- TASK DIRECTIONS
Take the data below and filter it for lines containing the word "symmetric"; show each line found.

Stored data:
lemma isometry_group_inv:
  fixes T :: "'a::real_normed_vector \<Rightarrow> 'a"
  assumes T: "T \<in> isometry_group"
  shows "inv T \<in> isometry_group" "inv T (T x) = x"
proof -
  note lT = isometry_groupD(1)[OF T] and sT = isometry_groupD(2)[OF T]
  have "inj T"
  proof (rule injI)
    fix x y assume "T x = T y"
    then have "norm (T (x - y)) = 0" using lT by (simp add: linear_diff)
    then show "x = y" using isometry_groupD(3)[OF T] by simp
  qed
  then have left: "\<And>x. inv T (T x) = x" by simp
  have right: "\<And>x. T (inv T x) = x" using sT by (simp add: surj_f_inv_f)
  have "linear (inv T)"
  proof (rule linearI)
    show "inv T (x + y) = inv T x + inv T y" for x y
      using left[of "inv T x + inv T y"] right lT by (simp add: linear_add)
    show "inv T (r *\<^sub>R x) = r *\<^sub>R inv T x" for r x
      using left[of "r *\<^sub>R inv T x"] right lT by (simp add: linear_scale)
  qed
  moreover have "surj (inv T)" by (metis left surjI)
  moreover have "norm (inv T x) = norm x" for x by (metis right T isometry_groupD(3))
  ultimately show "inv T \<in> isometry_group" by (simp add: isometry_group_def)
  show "inv T (T x) = x" by (rule left)
qed

lemma convex_sublevel_set:
  assumes "convex_on UNIV f"
  shows "convex {x. f x \<le> c}"
proof (rule convexI)
  fix x y and u v :: real
  assume xy: "x \<in> {x. f x \<le> c}" "y \<in> {x. f x \<le> c}" and uv: "0 \<le> u" "0 \<le> v" "u + v = 1"
  have "f (u *\<^sub>R x + v *\<^sub>R y) \<le> u * f x + v * f y"
    using assms uv by (simp add: convex_on_def)
  also have "\<dots> \<le> u * c + v * c"
    using xy uv by (intro add_mono mult_left_mono) auto
  finally show "u *\<^sub>R x + v *\<^sub>R y \<in> {x. f x \<le> c}"
    using uv by (simp add: distrib_right[symmetric])
qed
(* Let $G=G_1\times\cdots\times G_m$ be a group, let $U\subset G$ be finite, and let $U_i$ be the projection of $U$ to the factor $G_i$. Suppose there exist $\alpha,\beta>0$ such that $|U_i^n|\geqslant(\alpha|U_i|)^{\beta n}$ for every $n\in\mathbb{N}$ and every $i\in\{1,\dots,m\}$. Then $|U^n|\geqslant(\alpha^m|U|)^{(\beta/m)n}$ for every $n\in\mathbb{N}$.
   Context: $U^n=\{u_1\cdots u_n:u_i\in U\}$. *)

theory Defs
  imports "HOL-Analysis.Analysis" "HOL-Algebra.Product_Groups"
begin

fun set_power :: "('a, 'b) monoid_scheme \<Rightarrow> 'a set \<Rightarrow> nat \<Rightarrow> 'a set" where
  "set_power G U 0 = {\<one>\<^bsub>G\<^esub>}"
| "set_power G U (Suc n) = set_power G U n <#>\<^bsub>G\<^esub> U"

end

theory Submission
  imports Defs
begin

text \<open>Projecting to the factor \<open>G\<^sub>i\<close> maps \<open>U\<^sup>n\<close> onto \<open>U\<^sub>i\<^sup>n\<close>, so \<open>|U\<^sup>n| \<ge> |U\<^sub>i\<^sup>n| \<ge> (\<alpha>|U\<^sub>i|)\<^bsup>\<beta>n\<^esup>\<close>
  for every \<open>i\<close>. Multiplying these \<open>m\<close> bounds gives
  \<open>|U\<^sup>n|\<^bsup>m\<^esup> \<ge> (\<alpha>\<^sup>m |U\<^sub>1|\<cdots>|U\<^sub>m|)\<^bsup>\<beta>n\<^esup> \<ge> (\<alpha>\<^sup>m|U|)\<^bsup>\<beta>n\<^esup>\<close>, because \<open>U\<close> embeds into
  \<open>U\<^sub>1 \<times> \<cdots> \<times> U\<^sub>m\<close>; taking \<open>m\<close>-th roots concludes.\<close>

lemma finite_set_power:
  assumes "finite U"
  shows "finite (set_power H U n)"
  by (induction n) (auto simp: set_mult_def assms)

lemma image_proj_set_power_product_group:
  assumes "i \<in> I"
  shows "(\<lambda>u. u i) ` set_power (product_group I G) U n = set_power (G i) ((\<lambda>u. u i) ` U) n"
proof (induction n)
  case 0
  then show ?case using assms by simp
next
  case (Suc n)
  have "(\<lambda>u. u i) ` (set_power (product_group I G) U n <#>\<^bsub>product_group I G\<^esub> U)
      = ((\<lambda>u. u i) ` set_power (product_group I G) U n) <#>\<^bsub>G i\<^esub> ((\<lambda>u. u i) ` U)"
    using assms by (auto simp: set_mult_def image_iff) blast+
  then show ?case using Suc by simp
qed

lemma card_set_power_proj_le:
  assumes "i \<in> I" and "finite U"
  shows "card (set_power (G i) ((\<lambda>u. u i) ` U) n) \<le> card (set_power (product_group I G) U n)"
  by (metis image_proj_set_power_product_group[OF assms(1)] card_image_le
      finite_set_power[OF assms(2)])

lemma card_le_prod_card_proj:
  assumes "finite I" and "U \<subseteq> extensional I"
  shows "card U \<le> (\<Prod>i\<in>I. card ((\<lambda>u. u i) ` U))"
proof (cases "finite U")
  case True
  have "U \<subseteq> (\<Pi>\<^sub>E i\<in>I. (\<lambda>u. u i) ` U)"
    using assms(2) by (auto simp: PiE_iff extensional_def)
  then have "card U \<le> card (\<Pi>\<^sub>E i\<in>I. (\<lambda>u. u i) ` U)"
    by (rule card_mono[rotated]) (simp add: finite_PiE assms(1) True)
  then show ?thesis by (simp add: card_PiE assms(1))
qed simp

lemma prod_powr_le_if_powr_le_each:
  fixes N :: real
  assumes "finite I" and "I \<noteq> {}" and "N \<ge> 0"
    and "\<And>i. i \<in> I \<Longrightarrow> a i \<ge> 0" and "\<And>i. i \<in> I \<Longrightarrow> a i powr e \<le> N"
  shows "(\<Prod>i\<in>I. a i) powr (e / card I) \<le> N"
proof -
  have card_pos: "real (card I) > 0" using assms(1,2) by (simp add: card_gt_0_iff)
  have "(\<Prod>i\<in>I. a i) powr e = (\<Prod>i\<in>I. a i powr e)"
    using assms(4) by (simp add: prod_powr_distrib)
  also have "\<dots> \<le> (\<Prod>i\<in>I. N)"
    by (rule prod_mono) (use assms(5) in auto)
  also have "\<dots> = N powr card I"
    using assms(3) card_pos by (cases "N = 0") (auto simp: powr_realpow)
  finally have "((\<Prod>i\<in>I. a i) powr e) powr (1 / card I) \<le> (N powr card I) powr (1 / card I)"
    using card_pos by (intro powr_mono2) auto
  then show ?thesis
    using card_pos assms(3) by (simp add: powr_powr)
qed

theorem corollary2p23:
  fixes G :: "nat \<Rightarrow> ('a, 'b) monoid_scheme"
    and m :: nat and U :: "(nat \<Rightarrow> 'a) set" and \<alpha> \<beta> :: real
  assumes "m \<ge> 1"
    and "\<And>i. i \<in> {1..m} \<Longrightarrow> group (G i)"
    and "U \<subseteq> carrier (product_group {1..m} G)"
    and "finite U"
    and "\<alpha> > 0" and "\<beta> > 0"
    and "\<And>n i. n \<ge> 1 \<Longrightarrow> i \<in> {1..m} \<Longrightarrow>
           real (card (set_power (G i) ((\<lambda>u. u i) ` U) n))
             \<ge> (\<alpha> * real (card ((\<lambda>u. u i) ` U))) powr (\<beta> * real n)"
  shows "\<And>n. n \<ge> 1 \<Longrightarrow>
           real (card (set_power (product_group {1..m} G) U n))
             \<ge> (\<alpha> ^ m * real (card U)) powr ((\<beta> / real m) * real n)"
proof -
  fix n :: nat assume n: "n \<ge> 1"
  let ?c = "\<lambda>i. real (card ((\<lambda>u. u i) ` U))"
  have "card U \<le> (\<Prod>i\<in>{1..m}. card ((\<lambda>u. u i) ` U))"
    using assms(3) by (intro card_le_prod_card_proj) (auto simp: PiE_def)
  then have "\<alpha> ^ m * real (card U) \<le> (\<Prod>i\<in>{1..m}. \<alpha> * ?c i)"
    using assms(5) by (simp add: prod.distrib flip: of_nat_prod)
  then have "(\<alpha> ^ m * real (card U)) powr ((\<beta> * n) / m)
      \<le> (\<Prod>i\<in>{1..m}. \<alpha> * ?c i) powr ((\<beta> * n) / m)"
    using assms(5,6) by (intro powr_mono2) auto
  also have "\<dots> \<le> real (card (set_power (product_group {1..m} G) U n))"
  proof -
    have "(\<alpha> * ?c i) powr (\<beta> * n) \<le> real (card (set_power (product_group {1..m} G) U n))"
      if "i \<in> {1..m}" for i
      using assms(7)[OF n that] card_set_power_proj_le[OF that assms(4), of G n] by linarith
    then show ?thesis
      using prod_powr_le_if_powr_le_each[of "{1..m}" _ "\<lambda>i. \<alpha> * ?c i" "\<beta> * n"] assms(1,5)
      by simp
  qed
  finally show "(\<alpha> ^ m * real (card U)) powr ((\<beta> / real m) * real n)
      \<le> real (card (set_power (product_group {1..m} G) U n))"
    by (simp add: mult.commute)
qed

end
lemma is_chain_cone:
  assumes "is_chain (ind_complex T E) d w" "a \<in> S" "T \<subseteq> S"
    "\<forall>v\<in>insert a T. \<not> E a v" "\<And>u v. E u v \<Longrightarrow> E v u"
  shows "is_chain (ind_complex S E) (d + 1) (cone a w)"
  unfolding is_chain_ind_complex_iff
proof (intro allI impI)
  fix \<sigma> assume "cone a w \<sigma> \<noteq> 0"
  then have a\<sigma>: "a \<in> \<sigma>" and w: "w (\<sigma> - {a}) \<noteq> 0"
    by (auto simp: cone_def split: if_splits)
  from assms(1) w have "\<sigma> - {a} \<subseteq> T" "independent (\<sigma> - {a}) E" "finite (\<sigma> - {a})"
    "int (card (\<sigma> - {a})) = d + 1"
    unfolding is_chain_ind_complex_iff by blast+
  moreover have "independent \<sigma> E"
    using \<open>independent (\<sigma> - {a}) E\<close> \<open>\<sigma> - {a} \<subseteq> T\<close> assms(4,5)
    unfolding independent_def by (metis insert_iff insert_Diff subsetD a\<sigma>)
  ultimately show "\<sigma> \<subseteq> S \<and> independent \<sigma> E \<and> finite \<sigma> \<and> int (card \<sigma>) = d + 1 + 1"
    using assms(2,3) a\<sigma> card_Suc_Diff1[of \<sigma> a] by auto
qed

lemma is_chain_deletion_part:
  "is_chain (ind_complex S E) d z \<Longrightarrow> is_chain (ind_complex (S - {a}) E) d (deletion_part a z)"
  unfolding is_chain_ind_complex_iff deletion_part_def by auto

lemma is_chain_link_part:
  assumes "is_chain (ind_complex S E) d z"
  shows "is_chain (ind_complex (S - {a} - {v. E a v}) E) (d - 1) (link_part a z)"
  unfolding is_chain_ind_complex_iff
proof (intro allI impI)
  fix \<sigma> assume "link_part a z \<sigma> \<noteq> 0"
  then have a\<sigma>: "a \<notin> \<sigma>" and z: "z (insert a \<sigma>) \<noteq> 0"
    by (auto simp: link_part_def split: if_splits)
  from assms z have "insert a \<sigma> \<subseteq> S" "independent (insert a \<sigma>) E" "finite \<sigma>"
    "int (card (insert a \<sigma>)) = d + 1"
    unfolding is_chain_ind_complex_iff by auto
  with a\<sigma> show "\<sigma> \<subseteq> S - {a} - {v. E a v} \<and> independent \<sigma> E \<and> finite \<sigma> \<and> int (card \<sigma>) = d - 1 + 1"
    unfolding independent_def by auto
qed

lemma avoids_if_is_chain:
  "is_chain (ind_complex T E) d w \<Longrightarrow> a \<notin> T \<Longrightarrow> avoids a w"
  unfolding is_chain_ind_complex_iff avoids_def by blast

lemma ind_complex_acyclic_if_isolated:
  fixes E :: "'a::linorder \<Rightarrow> 'a \<Rightarrow> bool"
  assumes "finite S" "a \<in> S" "\<forall>v\<in>S. \<not> E a v" "\<And>u v. E u v \<Longrightarrow> E v u"
  shows "\<not> red_hom_nonzero TYPE('k::field) (ind_complex S E) d"
proof
  assume "red_hom_nonzero TYPE('k) (ind_complex S E) d"
  then obtain z :: "'a set \<Rightarrow> 'k" where z: "is_chain (ind_complex S E) d z" "ambient_bd S z = 0"
    and not_bd: "\<not> (\<exists>b. is_chain (ind_complex S E) (d + 1) b \<and> ambient_bd S b = z)"
    unfolding red_hom_nonzero_ind_complex[OF assms(1) order_refl] by blast
  let ?z1 = "deletion_part a z" and ?z2 = "link_part a z"
  have fin: "\<And>\<sigma>. z \<sigma> \<noteq> 0 \<Longrightarrow> finite \<sigma>" using is_chain_finite[OF z(1)] .
  have av1: "avoids a ?z1" using avoids_deletion_part[OF fin] .
  have "is_chain (ind_complex S E) (d + 1) (cone a ?z1)"
    using assms(2,3) by (intro is_chain_cone[OF is_chain_deletion_part[OF z(1)] _ _ _ assms(4)]) auto
  moreover
  have "ambient_bd S (cone a ?z1) = ?z1 - cone a (- ?z2)"
    by (simp add: ambient_bd_cone[OF assms(1,2) av1] ambient_bd_cycle_parts(1)[OF assms(1,2) fin z(2)])
  then have "ambient_bd S (cone a ?z1) = z"
    by (simp add: cone_uminus deletion_link_decomposition[symmetric])
  ultimately show False using not_bd by blast
qed

lemma red_hom_nonzero_link:
  fixes E :: "'a::linorder \<Rightarrow> 'a \<Rightarrow> bool"
  assumes "finite S" "a \<in> S" "\<And>u v. E u v \<Longrightarrow> E v u" "\<And>v. \<not> E v v"
    and "red_hom_nonzero TYPE('k::field) (ind_complex S E) d"
    and "\<not> red_hom_nonzero TYPE('k) (ind_complex (S - {a}) E) d"
  shows "red_hom_nonzero TYPE('k) (ind_complex (S - {a} - {v. E a v}) E) (d - 1)"
proof (rule ccontr)
  let ?T = "S - {a} - {v. E a v}"
  have TS: "?T \<subseteq> S" and TSa: "?T \<subseteq> S - {a}" by auto
  assume no_link: "\<not> red_hom_nonzero TYPE('k) (ind_complex ?T E) (d - 1)"
  obtain z :: "'a set \<Rightarrow> 'k" where z: "is_chain (ind_complex S E) d z" "ambient_bd S z = 0"
    and not_bd: "\<not> (\<exists>b. is_chain (ind_complex S E) (d + 1) b \<and> ambient_bd S b = z)"
    using assms(5) unfolding red_hom_nonzero_ind_complex[OF assms(1) order_refl] by blast
  let ?z1 = "deletion_part a z" and ?z2 = "link_part a z"
  have fin: "\<And>\<sigma>. z \<sigma> \<noteq> 0 \<Longrightarrow> finite \<sigma>" using is_chain_finite[OF z(1)] .
  note parts = ambient_bd_cycle_parts[OF assms(1,2) fin z(2)]
  obtain w where w: "is_chain (ind_complex ?T E) d w" "ambient_bd S w = ?z2"
    using no_link is_chain_link_part[OF z(1)] parts(2)
    unfolding red_hom_nonzero_ind_complex[OF assms(1) TS] by auto
  have avw: "avoids a w" using avoids_if_is_chain[OF w(1)] by blast
  define C where "C = cone a w"
  have C: "is_chain (ind_complex S E) (d + 1) C"
    unfolding C_def using assms(2,4) by (intro is_chain_cone[OF w(1) _ TS _ assms(3)]) auto
  have bd_C: "ambient_bd S C = w - cone a ?z2"
    unfolding C_def by (simp add: ambient_bd_cone[OF assms(1,2) avw] w(2))
  have "is_chain (ind_complex (S - {a}) E) d (?z1 + w)"
    using is_chain_deletion_part[OF z(1)] is_chain_mono[OF w(1) ind_complex_mono[OF TSa]]
    by (rule is_chain_add)
  moreover have "ambient_bd S (?z1 + w) = 0"
    by (simp add: ambient_bd_add parts(1) w(2))
  ultimately obtain b' where b': "is_chain (ind_complex (S - {a}) E) (d + 1) b'"
    "ambient_bd S b' = ?z1 + w"
    using assms(6) unfolding red_hom_nonzero_ind_complex[OF assms(1) Diff_subset] by blast
  have "is_chain (ind_complex S E) (d + 1) (b' - C)"
    using is_chain_mono[OF b'(1) ind_complex_mono[OF Diff_subset]] C by (rule is_chain_diff)
  moreover have "ambient_bd S (b' - C) = ?z1 + cone a ?z2"
    by (simp add: ambient_bd_diff b'(2) bd_C)
  then have "ambient_bd S (b' - C) = z"
    by (simp add: deletion_link_decomposition[symmetric])
  ultimately show False using not_bd by blast
qed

- EXERCISE RESPONSE
    using uv by (simp add: distrib_right[symmetric])
    by (simp add: cone_uminus deletion_link_decomposition[symmetric])
    by (simp add: deletion_link_decomposition[symmetric])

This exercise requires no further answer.